"""
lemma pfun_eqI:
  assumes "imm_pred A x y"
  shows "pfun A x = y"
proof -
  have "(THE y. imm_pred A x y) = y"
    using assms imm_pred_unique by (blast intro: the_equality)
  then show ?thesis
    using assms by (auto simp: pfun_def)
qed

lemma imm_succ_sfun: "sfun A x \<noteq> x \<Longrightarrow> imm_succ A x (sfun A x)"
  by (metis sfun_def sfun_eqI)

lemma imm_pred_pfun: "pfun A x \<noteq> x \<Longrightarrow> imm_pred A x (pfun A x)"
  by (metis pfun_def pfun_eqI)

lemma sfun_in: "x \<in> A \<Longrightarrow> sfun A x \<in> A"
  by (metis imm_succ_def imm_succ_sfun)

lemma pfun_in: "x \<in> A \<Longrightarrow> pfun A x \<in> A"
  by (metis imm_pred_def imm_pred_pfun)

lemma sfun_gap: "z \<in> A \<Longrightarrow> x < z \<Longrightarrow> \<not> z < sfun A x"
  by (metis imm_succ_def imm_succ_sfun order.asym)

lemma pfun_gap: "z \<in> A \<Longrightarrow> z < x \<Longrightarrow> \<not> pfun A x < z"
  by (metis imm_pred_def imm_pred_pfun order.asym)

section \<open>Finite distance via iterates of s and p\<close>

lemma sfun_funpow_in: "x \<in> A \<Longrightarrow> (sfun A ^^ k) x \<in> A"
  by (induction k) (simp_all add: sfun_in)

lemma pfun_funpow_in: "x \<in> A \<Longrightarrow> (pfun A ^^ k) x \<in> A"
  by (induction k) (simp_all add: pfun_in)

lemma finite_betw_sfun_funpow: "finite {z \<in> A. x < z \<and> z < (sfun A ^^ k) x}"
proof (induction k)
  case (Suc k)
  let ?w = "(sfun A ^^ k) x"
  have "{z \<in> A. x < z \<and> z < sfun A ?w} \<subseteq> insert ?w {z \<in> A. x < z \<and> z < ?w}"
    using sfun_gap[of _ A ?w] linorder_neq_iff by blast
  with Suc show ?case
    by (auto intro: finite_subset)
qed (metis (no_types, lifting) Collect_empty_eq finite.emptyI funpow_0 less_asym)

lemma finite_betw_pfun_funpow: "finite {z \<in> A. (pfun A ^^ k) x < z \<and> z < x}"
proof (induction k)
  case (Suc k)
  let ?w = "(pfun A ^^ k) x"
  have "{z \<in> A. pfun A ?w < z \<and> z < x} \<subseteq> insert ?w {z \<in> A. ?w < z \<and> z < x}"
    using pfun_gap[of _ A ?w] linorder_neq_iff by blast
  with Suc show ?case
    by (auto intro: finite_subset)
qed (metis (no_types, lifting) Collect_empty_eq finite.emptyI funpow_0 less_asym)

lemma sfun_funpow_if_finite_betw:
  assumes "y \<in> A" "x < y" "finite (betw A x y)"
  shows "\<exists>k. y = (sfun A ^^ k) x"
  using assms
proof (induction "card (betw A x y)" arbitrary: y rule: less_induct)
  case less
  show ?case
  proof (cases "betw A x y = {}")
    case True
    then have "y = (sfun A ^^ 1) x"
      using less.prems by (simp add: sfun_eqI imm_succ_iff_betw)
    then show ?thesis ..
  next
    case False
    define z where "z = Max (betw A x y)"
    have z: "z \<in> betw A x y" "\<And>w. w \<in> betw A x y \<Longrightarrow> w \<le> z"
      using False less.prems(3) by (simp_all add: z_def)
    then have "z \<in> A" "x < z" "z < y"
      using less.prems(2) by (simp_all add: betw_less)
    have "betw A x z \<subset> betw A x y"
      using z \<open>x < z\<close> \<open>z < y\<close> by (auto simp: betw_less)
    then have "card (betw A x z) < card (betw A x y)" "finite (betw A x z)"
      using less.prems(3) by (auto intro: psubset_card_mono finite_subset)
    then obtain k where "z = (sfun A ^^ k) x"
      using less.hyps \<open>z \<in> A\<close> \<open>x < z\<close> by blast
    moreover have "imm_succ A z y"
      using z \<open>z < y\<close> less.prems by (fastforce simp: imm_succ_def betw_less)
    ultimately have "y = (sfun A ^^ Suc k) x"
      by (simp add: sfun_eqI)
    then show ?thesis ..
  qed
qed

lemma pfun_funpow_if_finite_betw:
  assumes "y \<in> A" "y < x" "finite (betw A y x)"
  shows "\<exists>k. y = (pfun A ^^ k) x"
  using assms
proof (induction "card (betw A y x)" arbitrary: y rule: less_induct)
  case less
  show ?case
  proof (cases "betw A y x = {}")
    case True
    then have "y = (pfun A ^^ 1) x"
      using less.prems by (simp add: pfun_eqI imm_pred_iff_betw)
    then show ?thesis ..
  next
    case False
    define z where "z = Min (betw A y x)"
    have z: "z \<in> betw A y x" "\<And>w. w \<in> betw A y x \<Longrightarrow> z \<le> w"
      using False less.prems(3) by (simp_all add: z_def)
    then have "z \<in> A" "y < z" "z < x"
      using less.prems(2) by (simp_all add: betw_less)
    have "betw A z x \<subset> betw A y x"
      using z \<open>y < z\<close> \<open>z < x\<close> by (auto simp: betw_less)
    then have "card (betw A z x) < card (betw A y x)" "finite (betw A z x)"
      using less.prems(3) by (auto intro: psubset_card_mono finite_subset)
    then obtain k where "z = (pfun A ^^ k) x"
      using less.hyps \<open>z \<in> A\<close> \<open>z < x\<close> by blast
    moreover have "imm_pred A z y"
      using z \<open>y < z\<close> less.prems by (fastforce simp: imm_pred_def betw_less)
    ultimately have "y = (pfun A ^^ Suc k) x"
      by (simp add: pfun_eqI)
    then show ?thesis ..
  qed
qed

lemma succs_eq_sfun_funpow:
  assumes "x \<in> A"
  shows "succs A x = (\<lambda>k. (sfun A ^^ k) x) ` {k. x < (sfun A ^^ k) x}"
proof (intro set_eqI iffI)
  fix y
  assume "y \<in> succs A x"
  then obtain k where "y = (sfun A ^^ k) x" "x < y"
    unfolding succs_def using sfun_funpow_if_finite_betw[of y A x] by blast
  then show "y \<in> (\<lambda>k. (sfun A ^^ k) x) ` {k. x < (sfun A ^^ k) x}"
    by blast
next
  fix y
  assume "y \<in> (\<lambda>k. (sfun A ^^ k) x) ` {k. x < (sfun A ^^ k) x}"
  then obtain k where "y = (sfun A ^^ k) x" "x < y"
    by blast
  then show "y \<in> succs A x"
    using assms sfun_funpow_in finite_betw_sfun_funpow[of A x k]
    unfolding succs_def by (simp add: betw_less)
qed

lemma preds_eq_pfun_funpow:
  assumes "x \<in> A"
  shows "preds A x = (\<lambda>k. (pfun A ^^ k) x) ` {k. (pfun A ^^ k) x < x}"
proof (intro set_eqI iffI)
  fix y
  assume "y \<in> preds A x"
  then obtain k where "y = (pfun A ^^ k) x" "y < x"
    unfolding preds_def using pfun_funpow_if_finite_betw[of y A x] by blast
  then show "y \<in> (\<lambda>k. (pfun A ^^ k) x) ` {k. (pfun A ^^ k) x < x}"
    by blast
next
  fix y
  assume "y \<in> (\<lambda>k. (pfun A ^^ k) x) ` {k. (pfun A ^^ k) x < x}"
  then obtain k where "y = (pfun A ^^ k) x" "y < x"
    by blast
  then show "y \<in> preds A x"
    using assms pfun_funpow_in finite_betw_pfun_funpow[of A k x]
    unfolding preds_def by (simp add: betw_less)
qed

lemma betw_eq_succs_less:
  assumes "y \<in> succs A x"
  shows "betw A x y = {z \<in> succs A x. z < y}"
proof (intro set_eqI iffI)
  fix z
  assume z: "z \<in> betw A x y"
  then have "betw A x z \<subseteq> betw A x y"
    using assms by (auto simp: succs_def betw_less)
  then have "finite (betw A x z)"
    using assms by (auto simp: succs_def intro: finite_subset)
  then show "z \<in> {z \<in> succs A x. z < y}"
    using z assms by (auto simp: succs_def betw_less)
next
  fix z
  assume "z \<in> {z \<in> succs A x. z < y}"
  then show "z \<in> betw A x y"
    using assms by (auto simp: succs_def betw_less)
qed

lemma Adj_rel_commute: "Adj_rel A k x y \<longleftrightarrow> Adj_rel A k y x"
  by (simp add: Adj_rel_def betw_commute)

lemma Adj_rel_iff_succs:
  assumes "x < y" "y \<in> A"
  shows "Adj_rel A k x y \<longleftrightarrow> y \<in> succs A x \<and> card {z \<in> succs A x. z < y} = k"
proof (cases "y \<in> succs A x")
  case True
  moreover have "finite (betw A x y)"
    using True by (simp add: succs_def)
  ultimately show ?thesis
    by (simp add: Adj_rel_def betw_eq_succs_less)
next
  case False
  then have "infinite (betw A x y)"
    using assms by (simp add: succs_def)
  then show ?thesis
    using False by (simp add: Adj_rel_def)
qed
"""
| Assignment |
Above are the records. Copy every line in them holding "fastforce".

| Task answer |
      using z \<open>z < y\<close> less.prems by (fastforce simp: imm_succ_def betw_less)
      using z \<open>y < z\<close> less.prems by (fastforce simp: imm_pred_def betw_less)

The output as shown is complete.